**TASK TO CARRY OUT**
Repeat each entry verbatim.

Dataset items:
--------------------------------------------------

(* Let $0<\alpha<\beta<\tfrac12$. For all $g\in C_b^1(M)$, the upper box-counting dimension of the attractor satisfies $\overline D_B(A_g)\le D_L$.
   Context: $M=[0,1)\times\mathbb R$. $B_\alpha(x,y)=(2x,\alpha y)$ if $0\le x<\tfrac12$ and $(2x-1,\alpha y+1-\alpha)$ if $\tfrac12\le x<1$; likewise $B_\beta$. $C_b^1(M)$: $C^1$ functions on the interior of $M$ with bounded function and derivative, extended continuously to the closure. $B_g(x,y,z,w)=(B_\alpha(x,y),B_\beta(z,w)+(0,g(x,y)))$. $A_\alpha$ is the Cantor set with $A_\alpha=\alpha A_\alpha\cup(\alpha A_\alpha+1-\alpha)$ (similarly $A_\beta$), $A=[0,1)\times A_\alpha\times[0,1)\times A_\beta$, and the attractor of $B_g$ is $A_g=h_g(A)$ where $h_g(x,y,z,w)=\big(x,y,z,w+\sum_{i\ge0}\beta^i g(B_\alpha^{-i-1}(x,y))\big)$, $B_\alpha^{-1}(x,y)=(x/2,y/\alpha)$ if $y\le\tfrac12$, $((x+1)/2,(y-(1-\alpha))/\alpha)$ if $y>\tfrac12$. $\overline D_B(S)=\limsup_{\varepsilon\to0}\frac{\log N(S,\varepsilon)}{-\log\varepsilon}$, $N(S,\varepsilon)$ the least number of $\varepsilon$-balls covering $S$. $D_L=2-2\frac{\log2}{\log\beta}$ if $\beta\le\tfrac14$ and $D_L=3-2\frac{\log2}{\log\alpha}-\frac{\log\beta}{\log\alpha}$ if $\beta\ge\tfrac14$. *)

theory Defs
  imports "HOL-Analysis.Analysis"
begin

definition M_strip :: "(real \<times> real) set" where
  "M_strip = {0..<1} \<times> UNIV"

definition baker :: "real \<Rightarrow> real \<times> real \<Rightarrow> real \<times> real" where
  "baker a p = (if fst p < 1/2 then (2 * fst p, a * snd p)
                else (2 * fst p - 1, a * snd p + 1 - a))"

definition baker_inv :: "real \<Rightarrow> real \<times> real \<Rightarrow> real \<times> real" where
  "baker_inv a p = (if snd p \<le> 1/2 then (fst p / 2, snd p / a)
                    else ((fst p + 1) / 2, (snd p - (1 - a)) / a))"

definition skew_baker :: "real \<Rightarrow> real \<Rightarrow> (real \<times> real \<Rightarrow> real)
    \<Rightarrow> real \<times> real \<times> real \<times> real \<Rightarrow> real \<times> real \<times> real \<times> real" where
  "skew_baker a b g q = (case q of (x, y, z, w) \<Rightarrow>
     (let (x', y') = baker a (x, y); (z', w') = baker b (z, w)
      in (x', y', z', w' + g (x, y))))"

definition Cb1 :: "(real \<times> real \<Rightarrow> real) set" where
  "Cb1 = {g. (\<exists>g' :: (real \<times> real) \<Rightarrow> ((real \<times> real) \<Rightarrow>\<^sub>L real).
               (\<forall>p \<in> {0<..<1} \<times> UNIV. (g has_derivative blinfun_apply (g' p)) (at p))
             \<and> continuous_on ({0<..<1} \<times> UNIV) g'
             \<and> bounded (g' ` ({0<..<1} \<times> UNIV)))
           \<and> bounded (g ` M_strip)
           \<and> (\<exists>G. continuous_on ({0..1} \<times> UNIV) G \<and> (\<forall>p \<in> M_strip. G p = g p))}"

text \<open>The Cantor set A_a = a A_a \<union> (a A_a + 1 - a) (the attractor of this IFS),
  given explicitly as the set of its points.\<close>
definition cantor :: "real \<Rightarrow> real set" where
  "cantor a = {(1 - a) * (\<Sum>i. a ^ i * (if d i then 1 else 0)) | d :: nat \<Rightarrow> bool. True}"

definition base_set :: "real \<Rightarrow> real \<Rightarrow> (real \<times> real \<times> real \<times> real) set" where
  "base_set a b = {0..<1} \<times> cantor a \<times> {0..<1} \<times> cantor b"

definition conj_h :: "real \<Rightarrow> real \<Rightarrow> (real \<times> real \<Rightarrow> real)
    \<Rightarrow> real \<times> real \<times> real \<times> real \<Rightarrow> real \<times> real \<times> real \<times> real" where
  "conj_h a b g q = (case q of (x, y, z, w) \<Rightarrow>
     (x, y, z, w + (\<Sum>i. b ^ i * g ((baker_inv a ^^ (i + 1)) (x, y)))))"

definition attractor :: "real \<Rightarrow> real \<Rightarrow> (real \<times> real \<Rightarrow> real)
    \<Rightarrow> (real \<times> real \<times> real \<times> real) set" where
  "attractor a b g = conj_h a b g ` base_set a b"

definition cover_num :: "'a::metric_space set \<Rightarrow> real \<Rightarrow> nat" where
  "cover_num S e = Inf {card F | F. finite F \<and> S \<subseteq> (\<Union>c \<in> F. ball c e)}"

definition upper_box_dim :: "'a::metric_space set \<Rightarrow> ereal" where
  "upper_box_dim S = Limsup (at_right 0) (\<lambda>e. ereal (ln (real (cover_num S e)) / - ln e))"

definition D_L :: "real \<Rightarrow> real \<Rightarrow> real" where
  "D_L a b = (if b \<le> 1/4 then 2 - 2 * ln 2 / ln b
              else 3 - 2 * ln 2 / ln a - ln b / ln a)"

end

theory Submission
  imports Defs "HOL-Real_Asymp.Real_Asymp"
begin

text \<open>
  A point of the attractor is (x, y, z, w + \<phi>(x, y)) with y in A_\<alpha>, w in A_\<beta> and
  \<phi>(x, y) = \<Sum>_i \<beta>^i g(B_\<alpha>^(-i-1)(x, y)). Fix a scale \<alpha>^n \<le> \<delta> \<le> \<beta>^n. The first n Cantor
  digits locate y and w up to \<alpha>^n and \<beta>^n, and a \<delta>-grid locates x and z. Inside such a
  cell the first n inverse-baker preimages of two base points stay close, so, g being bounded
  and Lipschitz, \<phi> varies by O(n \<beta>^n). This covers the attractor by O(n 4^n \<beta>^n / \<delta>^3)
  balls of radius 4\<delta>. Taking \<delta> = \<rho>^n with \<alpha> \<le> \<rho> \<le> \<beta> bounds the upper box dimension by
  ln (4\<beta> / \<rho>^3) / -ln \<rho> = 3 + ln (4\<beta>) / -ln \<rho>, which is smallest for \<rho> = \<beta> when 4\<beta> \<le> 1
  and for \<rho> = \<alpha> otherwise; that value is D_L.
\<close>

section \<open>Upper box dimension from geometric covers\<close>

lemma cover_num_le_card:
  fixes S :: "'a::metric_space set"
  assumes "finite F" "S \<subseteq> (\<Union>c\<in>F. ball c r)" "r \<le> e"
  shows "cover_num S e \<le> card F"
proof -
  have "S \<subseteq> (\<Union>c\<in>F. ball c e)" using assms(2) subset_ball[OF assms(3)] by blast
  then have "card F \<in> {card F | F. finite F \<and> S \<subseteq> (\<Union>c \<in> F. ball c e)}" using assms(1) by blast
  then show ?thesis unfolding cover_num_def by (rule cInf_lower) (rule bdd_belowI[of _ 0], rule le0)
qed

--------------------------------------------------

**PROBLEM SOLUTION**
(* Let $0<\alpha<\beta<\tfrac12$. For all $g\in C_b^1(M)$, the upper box-counting dimension of the attractor satisfies $\overline D_B(A_g)\le D_L$.
   Context: $M=[0,1)\times\mathbb R$. $B_\alpha(x,y)=(2x,\alpha y)$ if $0\le x<\tfrac12$ and $(2x-1,\alpha y+1-\alpha)$ if $\tfrac12\le x<1$; likewise $B_\beta$. $C_b^1(M)$: $C^1$ functions on the interior of $M$ with bounded function and derivative, extended continuously to the closure. $B_g(x,y,z,w)=(B_\alpha(x,y),B_\beta(z,w)+(0,g(x,y)))$. $A_\alpha$ is the Cantor set with $A_\alpha=\alpha A_\alpha\cup(\alpha A_\alpha+1-\alpha)$ (similarly $A_\beta$), $A=[0,1)\times A_\alpha\times[0,1)\times A_\beta$, and the attractor of $B_g$ is $A_g=h_g(A)$ where $h_g(x,y,z,w)=\big(x,y,z,w+\sum_{i\ge0}\beta^i g(B_\alpha^{-i-1}(x,y))\big)$, $B_\alpha^{-1}(x,y)=(x/2,y/\alpha)$ if $y\le\tfrac12$, $((x+1)/2,(y-(1-\alpha))/\alpha)$ if $y>\tfrac12$. $\overline D_B(S)=\limsup_{\varepsilon\to0}\frac{\log N(S,\varepsilon)}{-\log\varepsilon}$, $N(S,\varepsilon)$ the least number of $\varepsilon$-balls covering $S$. $D_L=2-2\frac{\log2}{\log\beta}$ if $\beta\le\tfrac14$ and $D_L=3-2\frac{\log2}{\log\alpha}-\frac{\log\beta}{\log\alpha}$ if $\beta\ge\tfrac14$. *)

theory Defs
  imports "HOL-Analysis.Analysis"
begin

definition M_strip :: "(real \<times> real) set" where
  "M_strip = {0..<1} \<times> UNIV"

definition baker :: "real \<Rightarrow> real \<times> real \<Rightarrow> real \<times> real" where
  "baker a p = (if fst p < 1/2 then (2 * fst p, a * snd p)
                else (2 * fst p - 1, a * snd p + 1 - a))"

definition baker_inv :: "real \<Rightarrow> real \<times> real \<Rightarrow> real \<times> real" where
  "baker_inv a p = (if snd p \<le> 1/2 then (fst p / 2, snd p / a)
                    else ((fst p + 1) / 2, (snd p - (1 - a)) / a))"

definition skew_baker :: "real \<Rightarrow> real \<Rightarrow> (real \<times> real \<Rightarrow> real)
    \<Rightarrow> real \<times> real \<times> real \<times> real \<Rightarrow> real \<times> real \<times> real \<times> real" where
  "skew_baker a b g q = (case q of (x, y, z, w) \<Rightarrow>
     (let (x', y') = baker a (x, y); (z', w') = baker b (z, w)
      in (x', y', z', w' + g (x, y))))"

definition Cb1 :: "(real \<times> real \<Rightarrow> real) set" where
  "Cb1 = {g. (\<exists>g' :: (real \<times> real) \<Rightarrow> ((real \<times> real) \<Rightarrow>\<^sub>L real).
               (\<forall>p \<in> {0<..<1} \<times> UNIV. (g has_derivative blinfun_apply (g' p)) (at p))
             \<and> continuous_on ({0<..<1} \<times> UNIV) g'
             \<and> bounded (g' ` ({0<..<1} \<times> UNIV)))
           \<and> bounded (g ` M_strip)
           \<and> (\<exists>G. continuous_on ({0..1} \<times> UNIV) G \<and> (\<forall>p \<in> M_strip. G p = g p))}"

text \<open>The Cantor set A_a = a A_a \<union> (a A_a + 1 - a) (the attractor of this IFS),
  given explicitly as the set of its points.\<close>
definition cantor :: "real \<Rightarrow> real set" where
  "cantor a = {(1 - a) * (\<Sum>i. a ^ i * (if d i then 1 else 0)) | d :: nat \<Rightarrow> bool. True}"

definition base_set :: "real \<Rightarrow> real \<Rightarrow> (real \<times> real \<times> real \<times> real) set" where
  "base_set a b = {0..<1} \<times> cantor a \<times> {0..<1} \<times> cantor b"

definition conj_h :: "real \<Rightarrow> real \<Rightarrow> (real \<times> real \<Rightarrow> real)
    \<Rightarrow> real \<times> real \<times> real \<times> real \<Rightarrow> real \<times> real \<times> real \<times> real" where
  "conj_h a b g q = (case q of (x, y, z, w) \<Rightarrow>
     (x, y, z, w + (\<Sum>i. b ^ i * g ((baker_inv a ^^ (i + 1)) (x, y)))))"

definition attractor :: "real \<Rightarrow> real \<Rightarrow> (real \<times> real \<Rightarrow> real)
    \<Rightarrow> (real \<times> real \<times> real \<times> real) set" where
  "attractor a b g = conj_h a b g ` base_set a b"

definition cover_num :: "'a::metric_space set \<Rightarrow> real \<Rightarrow> nat" where
  "cover_num S e = Inf {card F | F. finite F \<and> S \<subseteq> (\<Union>c \<in> F. ball c e)}"

definition upper_box_dim :: "'a::metric_space set \<Rightarrow> ereal" where
  "upper_box_dim S = Limsup (at_right 0) (\<lambda>e. ereal (ln (real (cover_num S e)) / - ln e))"

definition D_L :: "real \<Rightarrow> real \<Rightarrow> real" where
  "D_L a b = (if b \<le> 1/4 then 2 - 2 * ln 2 / ln b
              else 3 - 2 * ln 2 / ln a - ln b / ln a)"

end

theory Submission
  imports Defs "HOL-Real_Asymp.Real_Asymp"
begin

text \<open>
  A point of the attractor is (x, y, z, w + \<phi>(x, y)) with y in A_\<alpha>, w in A_\<beta> and
  \<phi>(x, y) = \<Sum>_i \<beta>^i g(B_\<alpha>^(-i-1)(x, y)). Fix a scale \<alpha>^n \<le> \<delta> \<le> \<beta>^n. The first n Cantor
  digits locate y and w up to \<alpha>^n and \<beta>^n, and a \<delta>-grid locates x and z. Inside such a
  cell the first n inverse-baker preimages of two base points stay close, so, g being bounded
  and Lipschitz, \<phi> varies by O(n \<beta>^n). This covers the attractor by O(n 4^n \<beta>^n / \<delta>^3)
  balls of radius 4\<delta>. Taking \<delta> = \<rho>^n with \<alpha> \<le> \<rho> \<le> \<beta> bounds the upper box dimension by
  ln (4\<beta> / \<rho>^3) / -ln \<rho> = 3 + ln (4\<beta>) / -ln \<rho>, which is smallest for \<rho> = \<beta> when 4\<beta> \<le> 1
  and for \<rho> = \<alpha> otherwise; that value is D_L.
\<close>

section \<open>Upper box dimension from geometric covers\<close>

lemma cover_num_le_card:
  fixes S :: "'a::metric_space set"
  assumes "finite F" "S \<subseteq> (\<Union>c\<in>F. ball c r)" "r \<le> e"
  shows "cover_num S e \<le> card F"
proof -
  have "S \<subseteq> (\<Union>c\<in>F. ball c e)" using assms(2) subset_ball[OF assms(3)] by blast
  then have "card F \<in> {card F | F. finite F \<and> S \<subseteq> (\<Union>c \<in> F. ball c e)}" using assms(1) by blast
  then show ?thesis unfolding cover_num_def by (rule cInf_lower) (rule bdd_belowI[of _ 0], rule le0)
qed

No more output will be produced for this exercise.